Кашечкин поднял голову, взял свой стакан и они дружно, со звоном чокнулись, затем выпили.

– Нам дороги эти позабыть нельзя… – затянул Рузаев. Шульц подпел, и они с чувством исполнили эту старую военную песню. Кашечкин и Тхи Лан молча смотрели на них.

– Память – великая вещь! – Шульц налил еще по полстакана. – Помнить надо все.

– Войну мы все помним. И гражданскую, и Отечественную! – заметил Кашечкин. – И об этой войне всем расскажем!

– Ты не забывай, что подписку о неразглашении давал, – остановил его Шульц.

– Война в Испании тоже секретная была. А все ее помнят.

– Эту тоже запомнят, – кивнул Шульц. – Только не мы, а американцы. И знаешь, о чем они будут рассказывать?

– О том, что на Москву летать нельзя. Что ни один не долетит. Что репетиция третьей мировой сорвалась! – заявил Кашечкин.

– О том, что полковник Рузаев пинками гнал этого Сильвестра Макарони по вьетнамскому селу! – отметил Шульц.

– Вьетнамский народ благодарный. Он не забудет! – подал голос Тхи Лан.

– Во, еще тост! За вьетнамский народ!

– Ура!

Они снова выпили. И снова запели:

Нерушимой стеной

Обороны стальной

Сокрушим, уничтожим врага…

Три русских офицера пели, а пожилой вьетнамец, не знавший слов, мелодично мычал в такт и музыкально стучал ложкой по стакану.

***

Утром

Кашечкину было худо. Правда, и ночью ему тоже было не очень хорошо. Вместо приятного расслабляющего сна в голову лезли кошмары. То он сидел за пультом, а с экрана на него летел самолет и стрелял. То ему снились джунгли, то Шульц, и в каждом сне присутствовали кнопки, тумблеры, маховички и манипуляторы, и отчаянные попытки вычислить скорость цели. Кашечкин потел, просыпался, пил противную теплую воду из графина и снова пытался заснуть. Снова приходили дурацкие сны. Утро принесло испарину, дрожащие руки и больную голову. Хорошо, что гуманный Шульц на сутки отложил его отбытие на позиции.

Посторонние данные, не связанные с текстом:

(* Let $g>0$ and consider the one-dimensional shallow water system $$\partial_t h+\partial_x q=0,\qquad \partial_t q+\partial_x\Big(\frac{q^2}{h}+\tfrac12 g h^2\Big)=0,$$ with state $u=(h,q)$, $h>0$, $q=hv$. Let $u_l=(h_l,q_l)$ and $u_r=(h_r,q_r)$ be subcritical states, i.e. $|\mathcal{F}_l|<1$ and $|\mathcal{F}_r|<1$, where $\mathcal{F}=v/\sqrt{gh}$. Then there exists a unique pair of states $u_1^b=(h_1^b,q_1^b)$, $u_2^b=(h_2^b,q_2^b)$ with $h_1^b,h_2^b>0$ such that $$u_1^b\in\mathcal{N}(u_l),\qquad u_2^b\in\mathcal{P}(u_r),\qquad q_1^b=q_2^b,\qquad h_1^b=h_2^b.$$
   Context: This models a junction between one incoming canal (canal 1, initial constant state $u_l$) and one outgoing canal (canal 2, initial constant state $u_r$), with conservation of mass $q_1^b=q_2^b$ and equal water heights $h_1^b=h_2^b$ at the junction. The Froude number of a state $(h,q)$ is $\mathcal{F}=v/\sqrt{gh}=q/(h\sqrt{gh})$; a state is subcritical (fluvial) if $|\mathcal{F}|<1$ and supercritical (torrential) if $|\mathcal{F}|>1$. Riemann problems for the system are solved in the standard (Lax) sense, by a 1-wave and a 2-wave, each an admissible shock or a centered rarefaction (eigenvalues $\lambda_{1,2}=v\mp\sqrt{gh}$). For a state $u_l$, $\mathcal{N}(u_l)$ is the set of states $\hat u$ such that the solution of the Riemann problem with left state $u_l$ (for $x<0$) and right state $\hat u$ (for $x>0$) contains only waves with non-positive speed. For a state $u_r$, $\mathcal{P}(u_r)$ is the set of states $\tilde u$ such that the solution of the Riemann problem with left state $\tilde u$ and right state $u_r$ contains only waves with non-negative speed. *)

theory Defs
  imports Complex_Main
begin

text \<open>States of the shallow water system are pairs u = (h, q) of water height h and
  discharge q = h v.  The gravity constant g is a parameter.\<close>

type_synonym state = "real \<times> real"

definition vel :: "state \<Rightarrow> real" where
  "vel u = snd u / fst u"

definition celerity :: "real \<Rightarrow> state \<Rightarrow> real" where
  "celerity g u = sqrt (g * fst u)"

definition lam1 :: "real \<Rightarrow> state \<Rightarrow> real" where
  "lam1 g u = vel u - celerity g u"

definition lam2 :: "real \<Rightarrow> state \<Rightarrow> real" where
  "lam2 g u = vel u + celerity g u"
lemma kron_shift_mat_one: "kron (shift_mat N) (1\<^sub>m n) = lower_shift_mat (n * N) n"
proof (rule eq_matI)
  fix i j assume "i < dim_row (lower_shift_mat (n * N) n :: real mat)"
    and "j < dim_col (lower_shift_mat (n * N) n :: real mat)"
  then have i: "i < n * N" and j: "j < n * N" by (auto simp: lower_shift_mat_def)
  then have n: "0 < n" by (cases n) auto
  have "i div n < N" "j div n < N"
    using i j n by (auto simp: less_mult_imp_div_less mult.commute)
  then show "kron (shift_mat N) (1\<^sub>m n) $$ (i, j) = lower_shift_mat (n * N) n $$ (i, j)"
    using i j n div_mod_eq_Suc_iff[OF n, of i j]
    by (auto simp: kron_def shift_mat_def lower_shift_mat_def mult.commute)
qed (auto simp: kron_def shift_mat_def lower_shift_mat_def mult.commute)

lemma mult_kron_e1_mat_one:
  assumes X: "X \<in> carrier_mat r (n * N)" and N: "0 < N"
  shows "X * kron (e1_mat N) (1\<^sub>m n) = mat r n (\<lambda>(i, j). X $$ (i, j))"
proof (rule eq_matI)
  fix i j assume "i < dim_row (mat r n (\<lambda>(i, j). X $$ (i, j)))"
    and "j < dim_col (mat r n (\<lambda>(i, j). X $$ (i, j)))"
  then have i: "i < r" and j: "j < n" by auto
  have e1_entry: "kron (e1_mat N) (1\<^sub>m n) $$ (k, j) = (if k = j then 1 else 0)" if k: "k < n * N" for k
  proof -
    have "k div n < N" using k j by (auto simp: less_mult_imp_div_less mult.commute)
    moreover have "k div n = 0 \<and> k mod n = j \<longleftrightarrow> k = j"
      using j by (metis div_less mod_less mod_mult_div_eq add_0 mult_0_right)
    ultimately show ?thesis
      using k j by (auto simp: kron_def e1_mat_def mult.commute)
  qed
  have "(X * kron (e1_mat N) (1\<^sub>m n)) $$ (i, j) = (\<Sum>k<n * N. X $$ (i, k) * kron (e1_mat N) (1\<^sub>m n) $$ (k, j))"
    using X i j by (simp add: scalar_prod_def atLeast0LessThan kron_def e1_mat_def mult.commute)
  also have "\<dots> = (\<Sum>k<n * N. X $$ (i, k) * (if k = j then 1 else 0))"
    by (rule sum.cong) (simp_all add: e1_entry)
  also have "\<dots> = X $$ (i, j)"
    using j N by (simp add: sum.delta if_distrib cong: if_cong)
      (metis One_nat_def Suc_leI mult_le_mono2 mult_1_right order_less_le_trans)
  finally show "(X * kron (e1_mat N) (1\<^sub>m n)) $$ (i, j) = mat r n (\<lambda>(i, j). X $$ (i, j)) $$ (i, j)"
    using i j by simp
qed (use X in \<open>auto simp: kron_def e1_mat_def\<close>)

lemma det_append_rows_Zmat:
  assumes X: "X \<in> carrier_mat n (n * N)" and N: "0 < N"
    and X_lead: "\<And>i j. i < n \<Longrightarrow> j < n \<Longrightarrow> X $$ (i, j) = (if i = j then 1 else 0)"
  shows "det (X @\<^sub>r Zmat n N) = 1"
proof -
  let ?T = "X @\<^sub>r Zmat n N"
  have dims: "n + n * (N - 1) = n * N"
    using N by (cases N) auto
  have T: "?T \<in> carrier_mat (n * N) (n * N)"
    using X dims[symmetric] by (auto simp: Zmat_def)
  have entry: "?T $$ (i, j) = (if i < n then X $$ (i, j) else if j = i then 1 else 0)"
    if "i < n * N" "j < n * N" for i j
    using that X dims by (auto simp: append_rows_def Zmat_def)
  have "upper_triangular ?T"
    using T entry X_lead by auto
  moreover have "diag_mat ?T = replicate (n * N) 1"
    using T entry X_lead by (intro nth_equalityI) (auto simp: diag_mat_def)
  ultimately show ?thesis
    using det_upper_triangular[OF _ T] by simp
qed

lemma append_rows_mult:
  assumes A: "A \<in> carrier_mat nr1 nc" and B: "B \<in> carrier_mat nr2 nc" and M: "M \<in> carrier_mat nc k"
  shows "(A @\<^sub>r B) * M = (A * M) @\<^sub>r (B * M)"
proof (rule eq_matI)
  fix i j assume i: "i < dim_row ((A * M) @\<^sub>r (B * M))" and j: "j < dim_col ((A * M) @\<^sub>r (B * M))"
  have "row (A @\<^sub>r B) i = (if i < nr1 then row A i else row B (i - nr1))"
    using A B i M by (intro eq_vecI) (auto simp: append_rows_def)
  then show "((A @\<^sub>r B) * M) $$ (i, j) = ((A * M) @\<^sub>r (B * M)) $$ (i, j)"
    using A B M i j by (auto simp: append_rows_def)
qed (use A B M in \<open>auto simp: append_rows_def\<close>)

lemma four_block_mat_mult_append_rows:
  assumes A: "A \<in> carrier_mat nr1 n1" and B: "B \<in> carrier_mat nr1 n2"
    and C: "C \<in> carrier_mat nr2 n1" and D: "D \<in> carrier_mat nr2 n2"
    and X: "X \<in> carrier_mat n1 k" and Z: "Z \<in> carrier_mat n2 k"
  shows "four_block_mat A B C D * (X @\<^sub>r Z) = (A * X + B * Z) @\<^sub>r (C * X + D * Z)"
proof -
  have "four_block_mat A B C D * (X @\<^sub>r Z)
      = four_block_mat (A * X + B * Z) (A * 0\<^sub>m n1 0 + B * 0\<^sub>m n2 0)
          (C * X + D * Z) (C * 0\<^sub>m n1 0 + D * 0\<^sub>m n2 0)"
    unfolding append_rows_def using X Z carrier_matD[OF X] carrier_matD[OF Z]
    by (simp only:, intro mult_four_block_mat[OF A B C D]) auto
  also have "\<dots> = (A * X + B * Z) @\<^sub>r (C * X + D * Z)"
    unfolding append_rows_def using A B C D X Z by (intro cong_four_block_mat) auto
  finally show ?thesis .
qed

Кашечкин лежал в полудреме. Голова болела, глаза ломило. Он расслабился и мысленно взялся за бумагу и карандаш, как он уже делал это много раз.

«Здравствуй, дорогая Света! – мысленно начал писать он. – Давно мы не виделись. Как там Москва? Наверное, цветет и хорошеет? Если бы ты знала, как я люблю тебя, как мне хочется с тобой увидеться, обнять тебя и поцеловать. Тебе будет хорошо со мной. Я здесь узнал много нового и многому научился от нашей вьетнамской переводчицы…»

– Ой, что-то не то! – Кашечкин мысленно стер эти строки и написал иначе:

«Конечно, здесь настоящая война и мне очень трудно. Постоянно рискуем жизнью. Недавно был очень тяжелый бой, и меня за него представили к ордену.

Я очень благодарен твоему отцу…»

Кашечкин поежился, но глаза не открыл и продолжил:

«…Очень благодарен твоему отцу за то, что он помог мне попасть сюда и испытать свое мужество. Когда я вернусь, то получу хорошую должность, куплю машину, и мы с тобой поженимся. Я очень, очень люблю тебя и с нетерпением жду встречи».

Кашечкин вздохнул, поставил точку и открыл глаза. По телу разлилась приятная истома. Он встал и пошел умываться.

Побрившись, Кашечкин надел парадную форму и вышел на улицу. Там было ветрено, и он пошел вперед, с завистью глядя на велосипеды и рикш. И только тут он понял, куда идет. Он свернул по памяти, и попал на улицу, превращенную в небольшой базарчик. Прямо на земле, расстелив циновки, сидели вьетнамцы в широких конических шляпах и смотрели на нехитрый товар, разложенный на земле или на циновках. В основном это была еда – фрукты, частью знакомые, частью неизвестные Кашечкину.

Увидев советского офицера, все торговцы вежливо закивали и начали что-то быстро говорить, обращаясь и к нему, и друг к другу одновременно.

Вообще-то Кашечкин, бывая во вьетнамских городах, привык к знакам внимания. Чем дольше шла война, тем больше любили русских вьетнамцы. На улицах простые жители толпами ходили за офицерами, просто глядя на них. Теперь, после успехов в отражении налетов, Кашечкин не раз видел полные обожания глаза детей, женщин и мужчин, остановившихся, чтобы посмотреть на него.

Вот и здесь Кашечкин, стараясь ответить на все приветствия, кивнул и хотел пройти мимо, но потом замедлил шаг, решив, что нужен все же какой-нибудь подарок. Правильно поняв его жест, торговцы вскочили, подбежали, окружили его. Они тараторили хором и протягивали ему фрукты, овощи, сандалии, соломенные шляпы и расписанный розами китайский термос.